**What the task requires**
Each line from the start of the records through the line containing "unfolding C_def using" is to be transcribed exactly, and no other line is to be included.
*** Provided records ***
lemma blocknorm_dominated:
  fixes u f h :: "real \<Rightarrow> complex"
  assumes p: "0 \<le> p" and a: "0 \<le> a"
    and u: "set_borel_measurable lebesgue (blk k) u"
    and f: "set_integrable lebesgue (blk k) (\<lambda>x. norm (f x) powr p)"
    and h: "set_integrable lebesgue (blk k) (\<lambda>x. norm (h x) powr p)"
    and dom: "\<And>x. norm (u x) \<le> a * (norm (f x) + norm (h x))"
  shows "set_integrable lebesgue (blk k) (\<lambda>x. norm (u x) powr p)"
    and "blocknorm p u k \<le> (2 * a) powr p * (blocknorm p f k + blocknorm p h k)"
proof -
  define C where "C = (2 * a) powr p"
  have pointwise: "norm (u x) powr p \<le> C * (norm (f x) powr p + norm (h x) powr p)" for x
    unfolding C_def using p a dom by (intro powr_le_scaled_sum_powr) auto
  have majorant: "set_integrable lebesgue (blk k) (\<lambda>x. C * (norm (f x) powr p + norm (h x) powr p))"
    using f h by (intro set_integrable_mult_right set_integral_add(1))
  show u_int: "set_integrable lebesgue (blk k) (\<lambda>x. norm (u x) powr p)"
  proof (rule set_integrable_bound[OF majorant set_borel_measurable_norm_powr[OF u sets_blk]])
    show "AE x in lebesgue. x \<in> blk k \<longrightarrow> norm (norm (u x) powr p)
        \<le> norm (C * (norm (f x) powr p + norm (h x) powr p))"
      using pointwise by (intro AE_I2) (simp add: C_def)
  qed
  have "blocknorm p u k \<le> (LINT x:blk k|lebesgue. C * (norm (f x) powr p + norm (h x) powr p))"
    unfolding blocknorm_def by (rule set_integral_mono[OF u_int majorant pointwise])
  also have "\<dots> = C * (blocknorm p f k + blocknorm p h k)"
    unfolding blocknorm_def set_integral_mult_right set_integral_add(2)[OF f h] ..
  finally show "blocknorm p u k \<le> (2 * a) powr p * (blocknorm p f k + blocknorm p h k)"
    unfolding C_def .
qed

lemma gterm_dominated:
  assumes p: "0 < p" and q: "0 \<le> q" and \<epsilon>: "0 < \<epsilon>" and C: "0 \<le> C"
    and dom: "\<And>k. k \<in> X \<Longrightarrow> blocknorm p u k \<le> C * (blocknorm p f k + blocknorm p h k)"
    and f: "(\<lambda>k. blocknorm p f k powr (q * (1 + \<epsilon>) / p)) summable_on X"
    and h: "(\<lambda>k. blocknorm p h k powr (q * (1 + \<epsilon>) / p)) summable_on X"
  shows "(\<lambda>k. blocknorm p u k powr (q * (1 + \<epsilon>) / p)) summable_on X"
    and "gterm X p q \<theta> u \<epsilon>
           \<le> (2 * C) powr (q * (1 + \<epsilon>) / p) * (gterm X p q \<theta> f \<epsilon> + gterm X p q \<theta> h \<epsilon>)"
proof -
  have s: "0 \<le> q * (1 + \<epsilon>) / p"
    using p q \<epsilon> by simp
  note infsum_bound = infsum_powr_dominated[OF dom blocknorm_nonneg blocknorm_nonneg
      blocknorm_nonneg C s f h]
  show "(\<lambda>k. blocknorm p u k powr (q * (1 + \<epsilon>) / p)) summable_on X"
    by (rule infsum_bound(1))
  show "gterm X p q \<theta> u \<epsilon>
           \<le> (2 * C) powr (q * (1 + \<epsilon>) / p) * (gterm X p q \<theta> f \<epsilon> + gterm X p q \<theta> h \<epsilon>)"
    using mult_left_mono[OF infsum_bound(2), of "\<epsilon> powr \<theta>"]
    unfolding gterm_def by (simp add: algebra_simps)
qed

context
  fixes X :: "int set" and p q \<theta> a :: real and u f h :: "real \<Rightarrow> complex"
  assumes p: "0 < p" and q: "1 \<le> q" and a: "0 \<le> a"
    and f: "in_glq X p q \<theta> f" and h: "in_glq X p q \<theta> h"
    and u: "set_borel_measurable lebesgue (dom_X X) u"
    and dom: "\<And>x. norm (u x) \<le> a * (norm (f x) + norm (h x))"
begin

lemma blocknorm_dominated_on_X:
  assumes "k \<in> X"
  shows "set_integrable lebesgue (blk k) (\<lambda>x. norm (u x) powr p)"
    and "blocknorm p u k \<le> (2 * a) powr p * (blocknorm p f k + blocknorm p h k)"
  using blocknorm_dominated[OF _ a set_borel_measurable_subset[OF u sets_blk blk_subset_dom_X]
      _ _ dom] p f h assms
  by (auto simp: in_glq_def)

lemma gterm_dominated_on_X:
  assumes "0 < \<epsilon>"
  shows "(\<lambda>k. blocknorm p u k powr (q * (1 + \<epsilon>) / p)) summable_on X"
    and "gterm X p q \<theta> u \<epsilon> \<le> (2 * (2 * a) powr p) powr (q * (1 + \<epsilon>) / p)
           * (gterm X p q \<theta> f \<epsilon> + gterm X p q \<theta> h \<epsilon>)"
  using gterm_dominated[OF p _ assms _ blocknorm_dominated_on_X(2)] p q f h assms
  by (auto simp: in_glq_def)

lemma in_glq_dominated: "in_glq X p q \<theta> u"
proof -
  define C where "C = 2 * (2 * a) powr p"
  obtain Mf where Mf: "\<And>\<epsilon>. 0 < \<epsilon> \<Longrightarrow> gterm X p q \<theta> f \<epsilon> powr (1 / (q * (1 + \<epsilon>))) \<le> Mf"
    using f unfolding in_glq_def bdd_above_def by auto
  obtain Mh where Mh: "\<And>\<epsilon>. 0 < \<epsilon> \<Longrightarrow> gterm X p q \<theta> h \<epsilon> powr (1 / (q * (1 + \<epsilon>))) \<le> Mh"
    using h unfolding in_glq_def bdd_above_def by auto
  have "gterm X p q \<theta> u \<epsilon> powr (1 / (q * (1 + \<epsilon>))) \<le> 2 * C powr (1 / p) * (Mf + Mh)"
    if \<epsilon>: "0 < \<epsilon>" for \<epsilon>
  proof -
    define r where "r = q * (1 + \<epsilon>)"
    have r: "1 \<le> r"
      unfolding r_def using q \<epsilon> by (smt (verit) mult_le_cancel_left1)
    have "gterm X p q \<theta> u \<epsilon> powr (1 / r) \<le> (2 * C powr (r / p)) powr (1 / r)
        * (gterm X p q \<theta> f \<epsilon> powr (1 / r) + gterm X p q \<theta> h \<epsilon> powr (1 / r))"
      using gterm_dominated_on_X(2)[OF \<epsilon>] gterm_nonneg[of \<epsilon>] \<epsilon> r
      by (intro powr_le_scaled_sum_powr) (auto simp: C_def r_def)
    also have "(2 * C powr (r / p)) powr (1 / r) = 2 powr (1 / r) * C powr (1 / p)"
      using p r by (simp add: C_def powr_mult powr_powr)
    also have "\<dots> * (gterm X p q \<theta> f \<epsilon> powr (1 / r) + gterm X p q \<theta> h \<epsilon> powr (1 / r))
        \<le> 2 * C powr (1 / p) * (Mf + Mh)"
    proof (intro mult_mono)
      show "2 powr (1 / r) \<le> 2"
        using powr_mono[of "1 / r" 1 2] r by simp
      show "gterm X p q \<theta> f \<epsilon> powr (1 / r) + gterm X p q \<theta> h \<epsilon> powr (1 / r) \<le> Mf + Mh"
        using Mf[OF \<epsilon>] Mh[OF \<epsilon>] unfolding r_def by simp
    qed auto
    finally show ?thesis
      unfolding r_def .
  qed
  then show ?thesis
    unfolding in_glq_def bdd_above_def
    using u blocknorm_dominated_on_X(1) gterm_dominated_on_X(1) by auto
qed

lemma gterm_dominated_near_zero:
  assumes "0 < \<epsilon>" "\<epsilon> \<le> 1"
  shows "gterm X p q \<theta> u \<epsilon> \<le> max 1 (2 * (2 * a) powr p) powr (2 * q / p)
           * (gterm X p q \<theta> f \<epsilon> + gterm X p q \<theta> h \<epsilon>)"
proof -
  have "(2 * (2 * a) powr p) powr (q * (1 + \<epsilon>) / p) \<le> max 1 (2 * (2 * a) powr p) powr (2 * q / p)"
    using p q assms by (intro powr_le_max_one_powr divide_right_mono) auto
  then show ?thesis
    using gterm_dominated_on_X(2)[OF assms(1)] gterm_nonneg[of \<epsilon>] assms
    by (smt (verit) mult_right_mono)
qed

end

lemma gterm_zero: "gterm X p q \<theta> (\<lambda>x. 0) = (\<lambda>\<epsilon>. 0)"
  by (simp add: gterm_def blocknorm_def fun_eq_iff)

lemma in_glq_zero: "in_glq X p q \<theta> (\<lambda>x. 0)"
  unfolding in_glq_def gterm_zero by (auto simp: blocknorm_def set_borel_measurable_def bdd_above_def)

lemma zero_in_vanishing_glq: "(\<lambda>x. 0) \<in> vanishing_glq X p q \<theta>"
  unfolding vanishing_glq_def by (simp add: in_glq_zero gterm_zero)

lemma eventually_at_right_zero_le_one: "\<forall>\<^sub>F \<epsilon> in at_right (0::real). 0 < \<epsilon> \<and> \<epsilon> \<le> 1"
  unfolding eventually_at_right_field by (intro exI[of _ 1]) auto

lemma vanishing_glq_dominated:
  assumes p: "0 < p" and q: "1 \<le> q" and a: "0 \<le> a"
    and f: "f \<in> vanishing_glq X p q \<theta>" and h: "h \<in> vanishing_glq X p q \<theta>"
    and u: "set_borel_measurable lebesgue (dom_X X) u"
    and dom: "\<And>x. norm (u x) \<le> a * (norm (f x) + norm (h x))"
  shows "u \<in> vanishing_glq X p q \<theta>"
proof -
  define K where "K = max 1 (2 * (2 * a) powr p) powr (2 * q / p)"
  have f': "in_glq X p q \<theta> f" "(gterm X p q \<theta> f \<longlongrightarrow> 0) (at_right 0)"
    and h': "in_glq X p q \<theta> h" "(gterm X p q \<theta> h \<longlongrightarrow> 0) (at_right 0)"
    using f h unfolding vanishing_glq_def by auto
  have "(gterm X p q \<theta> u \<longlongrightarrow> 0) (at_right 0)"
  proof (rule tendsto_sandwich[of "\<lambda>_. 0" _ _ "\<lambda>\<epsilon>. K * (gterm X p q \<theta> f \<epsilon> + gterm X p q \<theta> h \<epsilon>)"])
    show "\<forall>\<^sub>F \<epsilon> in at_right 0. 0 \<le> gterm X p q \<theta> u \<epsilon>"
      using eventually_at_right_zero_le_one by eventually_elim (simp add: gterm_nonneg)
    show "\<forall>\<^sub>F \<epsilon> in at_right 0. gterm X p q \<theta> u \<epsilon> \<le> K * (gterm X p q \<theta> f \<epsilon> + gterm X p q \<theta> h \<epsilon>)"
      using eventually_at_right_zero_le_one unfolding K_def
      by eventually_elim (intro gterm_dominated_near_zero[OF p q a f'(1) h'(1) u dom]; simp)
    show "((\<lambda>\<epsilon>. K * (gterm X p q \<theta> f \<epsilon> + gterm X p q \<theta> h \<epsilon>)) \<longlongrightarrow> 0) (at_right 0)"
      using tendsto_mult_right_zero[OF tendsto_add_zero[OF f'(2) h'(2)]] by simp
  qed simp
  then show ?thesis
    unfolding vanishing_glq_def using in_glq_dominated[OF p q a f'(1) h'(1) u dom] by simp
qed

lemma vanishing_glq_add:
  assumes p: "0 < p" and q: "1 \<le> q"
    and f: "f \<in> vanishing_glq X p q \<theta>" and g: "g \<in> vanishing_glq X p q \<theta>"
  shows "(\<lambda>x. f x + g x) \<in> vanishing_glq X p q \<theta>"
proof (rule vanishing_glq_dominated[OF p q _ f g])
  show "set_borel_measurable lebesgue (dom_X X) (\<lambda>x. f x + g x)"
    using f g unfolding vanishing_glq_def in_glq_def by (blast intro: set_borel_measurable_add)
  show "norm (f x + g x) \<le> 1 * (norm (f x) + norm (g x))" for x
    by (simp add: norm_triangle_ineq)
qed simp

lemma vanishing_glq_cmult:
  assumes p: "0 < p" and q: "1 \<le> q" and g: "g \<in> vanishing_glq X p q \<theta>"
  shows "(\<lambda>x. c * g x) \<in> vanishing_glq X p q \<theta>"
proof (rule vanishing_glq_dominated[OF p q _ g g])
  show "set_borel_measurable lebesgue (dom_X X) (\<lambda>x. c * g x)"
    using g unfolding vanishing_glq_def in_glq_def by (blast intro: set_borel_measurable_cmult)
  show "norm (c * g x) \<le> norm c * (norm (g x) + norm (g x))" for x
    by (simp add: norm_mult mult_left_mono)
qed simp

lemma gterm_powr_le_glq_norm:
  assumes "in_glq X p q \<theta> g" "0 < \<epsilon>"
  shows "gterm X p q \<theta> g \<epsilon> powr (1 / (q * (1 + \<epsilon>))) \<le> glq_norm X p q \<theta> g"
  unfolding glq_norm_def by (rule cSUP_upper) (use assms in \<open>auto simp: in_glq_def\<close>)

lemma glq_norm_nonneg: "in_glq X p q \<theta> g \<Longrightarrow> 0 \<le> glq_norm X p q \<theta> g"
  using gterm_powr_le_glq_norm[of X p q \<theta> g 1] by (meson order_trans powr_ge_zero zero_less_one)

lemma gterm_le_glq_norm_powr:
  assumes q: "0 < q" and g: "in_glq X p q \<theta> g" and \<epsilon>: "0 < \<epsilon>"
    and small: "glq_norm X p q \<theta> g \<le> 1"
  shows "gterm X p q \<theta> g \<epsilon> \<le> glq_norm X p q \<theta> g powr q"
proof -
  define r where "r = q * (1 + \<epsilon>)"
  have r: "q \<le> r" "0 < r"
    unfolding r_def using q \<epsilon> by auto
  have "gterm X p q \<theta> g \<epsilon> = (gterm X p q \<theta> g \<epsilon> powr (1 / r)) powr r"
    using r \<epsilon> gterm_nonneg[of \<epsilon>] by (simp add: powr_powr)
  also have "\<dots> \<le> glq_norm X p q \<theta> g powr r"
    using gterm_powr_le_glq_norm[OF g \<epsilon>] r unfolding r_def by (intro powr_mono2) auto
  also have "\<dots> \<le> glq_norm X p q \<theta> g powr q"
    using r small glq_norm_nonneg[OF g] by (intro powr_mono') auto
  finally show ?thesis .
qed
*** End of Provided records ***
**Your solution**
lemma blocknorm_dominated:
  fixes u f h :: "real \<Rightarrow> complex"
  assumes p: "0 \<le> p" and a: "0 \<le> a"
    and u: "set_borel_measurable lebesgue (blk k) u"
    and f: "set_integrable lebesgue (blk k) (\<lambda>x. norm (f x) powr p)"
    and h: "set_integrable lebesgue (blk k) (\<lambda>x. norm (h x) powr p)"
    and dom: "\<And>x. norm (u x) \<le> a * (norm (f x) + norm (h x))"
  shows "set_integrable lebesgue (blk k) (\<lambda>x. norm (u x) powr p)"
    and "blocknorm p u k \<le> (2 * a) powr p * (blocknorm p f k + blocknorm p h k)"
proof -
  define C where "C = (2 * a) powr p"
  have pointwise: "norm (u x) powr p \<le> C * (norm (f x) powr p + norm (h x) powr p)" for x
    unfolding C_def using p a dom by (intro powr_le_scaled_sum_powr) auto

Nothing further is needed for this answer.